Member of the Legislative Council
- In office 1951–1954
- Constituency: New Guinea Mainland

Personal details
- Born: Carl Mallesch Jacobsen 8 February 1895 Beechworth, Victoria
- Died: 8 April 1962 (aged 67) Lae, Papua New Guinea
- Occupation: Farmer

= Carl Jacobsen (politician) =

Papua New Guinean politician (1895–1962)

Carl Mallesch Jacobsen (8 February 1895 – 25 April 1962) was an Australian-born politician and farmer who served as a member of the Legislative Council of Papua and New Guinea between 1951 and 1954.

==Biography==
Born in Beechworth, Victoria, in 1895, Jacobsen moved to the Territory of New Guinea in 1932, initially working at the Bulolo Gold Dredging company. After two years, he took over a farm near Lae. When World War II started he joined the New Guinea Volunteer Rifles, from which he was seconded to the Fifth Air Force of the United States.

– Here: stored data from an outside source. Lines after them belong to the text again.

text \<open>Inductive step of the scaling identity, for a state with a particle of size 1
  (the other states are already stopped).\<close>
lemma hit_law_emb_Suc:
  assumes pos: "\<And>k. 1 \<le> k \<Longrightarrow> 0 < \<phi> k" and incr: "mono_on {1..} \<phi>"
    and i: "0 < i" and Y: "in_l1N Y" "0 < Y 1"
  defines "K \<equiv> (\<lambda>a b. min (\<phi> a) (\<phi> b))" and "c \<equiv> \<phi> 1 / \<phi> i"
  assumes IH: "\<And>Z. in_l1N Z \<Longrightarrow> hit_law K (\<lambda>Y. \<forall>k\<in>{1..i}. Y k = 0) f (emb i Z)
      = distr (hit_law K (\<lambda>Y. \<forall>k\<in>{1..1}. Y k = 0) f Z) borel (\<lambda>t. c * t)"
  shows "hit_law K (\<lambda>Y. \<forall>k\<in>{1..i}. Y k = 0) (Suc f) (emb i Y)
      = distr (hit_law K (\<lambda>Y. \<forall>k\<in>{1..1}. Y k = 0) (Suc f) Y) borel (\<lambda>t. c * t)"
proof -
  let ?Ai = "\<lambda>Y. \<forall>k\<in>{1..i}. Y k = 0"
  let ?A1 = "\<lambda>Y. \<forall>k\<in>{1..1}. (Y::state) k = 0"
  let ?E = "\<lambda>q. density lborel (\<lambda>x. ennreal (exponential_density q x))"
  have nA: "\<not> ?A1 Y" "\<not> ?Ai (emb i Y)" using Y(2) emb_stopped_iff[OF i, of Y] by auto
  have c: "0 < c" using pos i by (simp add: c_def)
  have Kpos: "\<And>a b. 1 \<le> a \<Longrightarrow> 1 \<le> b \<Longrightarrow> 0 \<le> K a b"
    using pos by (auto simp: K_def intro: less_imp_le)
  have ratio: "total_rate K (emb i Y) = total_rate K Y / c"
    unfolding K_def c_def by (rule total_rate_emb_ratio[OF pos incr i Y])
  show ?thesis
  proof (cases "total_rate K Y \<le> 0")
    case True
    then have "total_rate K (emb i Y) \<le> 0" using c by (simp add: ratio divide_nonpos_pos)
    then show ?thesis
      using hit_law_Suc_absorbed[where A="?Ai", OF _ nA(2)] hit_law_Suc_absorbed[where A="?A1", OF True nA(1)]
      by (simp add: distr_null_measure_borel)
  next
    case False
    then have q: "0 < total_rate K Y" "0 < total_rate K (emb i Y)" using c by (simp_all add: ratio)
    have E: "?E (total_rate K (emb i Y)) = distr (?E (total_rate K Y)) borel (\<lambda>t. c * t)"
      using exponential_density_scale[OF c q(1)] by (simp add: ratio)
    have B: "jump_dist K (emb i Y) \<bind> hit_law K ?Ai f
        = distr (jump_dist K Y \<bind> hit_law K ?A1 f) borel (\<lambda>t. c * t)"
      unfolding K_def
      by (rule jump_dist_bind_emb[OF pos incr i Y])
        (use IH Kpos in \<open>auto simp: K_def intro: subprob_space_hit_law\<close>)
    have fin: "finite_measure (?E (total_rate K Y))" "finite_measure (jump_dist K Y \<bind> hit_law K ?A1 f)"
      using prob_space_exponential_density[OF q(1)]
        subprob_space_jump_dist_bind[OF Kpos Y(1) _ q(1), of "hit_law K ?A1 f"]
        subprob_space_hit_law[OF Kpos] Y(2)
      by (auto simp: prob_space_def subprob_space_def)
    have "hit_law K ?Ai (Suc f) (emb i Y)
        = (?E (total_rate K (emb i Y)) \<star> (jump_dist K (emb i Y) \<bind> hit_law K ?Ai f))"
      by (rule hit_law_Suc_active[where A="?Ai", OF q(2) nA(2)])
    also have "\<dots> = (distr (?E (total_rate K Y)) borel (\<lambda>t. c * t)
        \<star> distr (jump_dist K Y \<bind> hit_law K ?A1 f) borel (\<lambda>t. c * t))"
      unfolding E B ..
    also have "\<dots> = distr (?E (total_rate K Y) \<star> (jump_dist K Y \<bind> hit_law K ?A1 f)) borel (\<lambda>t. c * t)"
      by (rule convolution_scale[symmetric, OF fin]) simp_all
    also have "\<dots> = distr (hit_law K ?A1 (Suc f) Y) borel (\<lambda>t. c * t)"
      unfolding hit_law_Suc_active[where A="?A1", OF q(1) nA(1)] ..
    finally show ?thesis .
  qed
qed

When the war ended, he worked at the Red Cross prisoner of war reception centre in Darwin, Northern Territory, before returning to Lae. He sold his Bulae farm and started a new one named Leiwomba. He was also a mason, serving as first Worshipful Master in the Lae Masonic Lodge, as well as serving as the first president of Lae Bowling Club.

Elections to the Papua and New Guinea Legislative Council were held for the first time in 1951. Jacobsen contested the New Guinea Mainland seat and was elected to the new legislature. He did not stand for re-election in the 1954 elections.

Jacobsen died in Lae in April 1962 at the age of 67.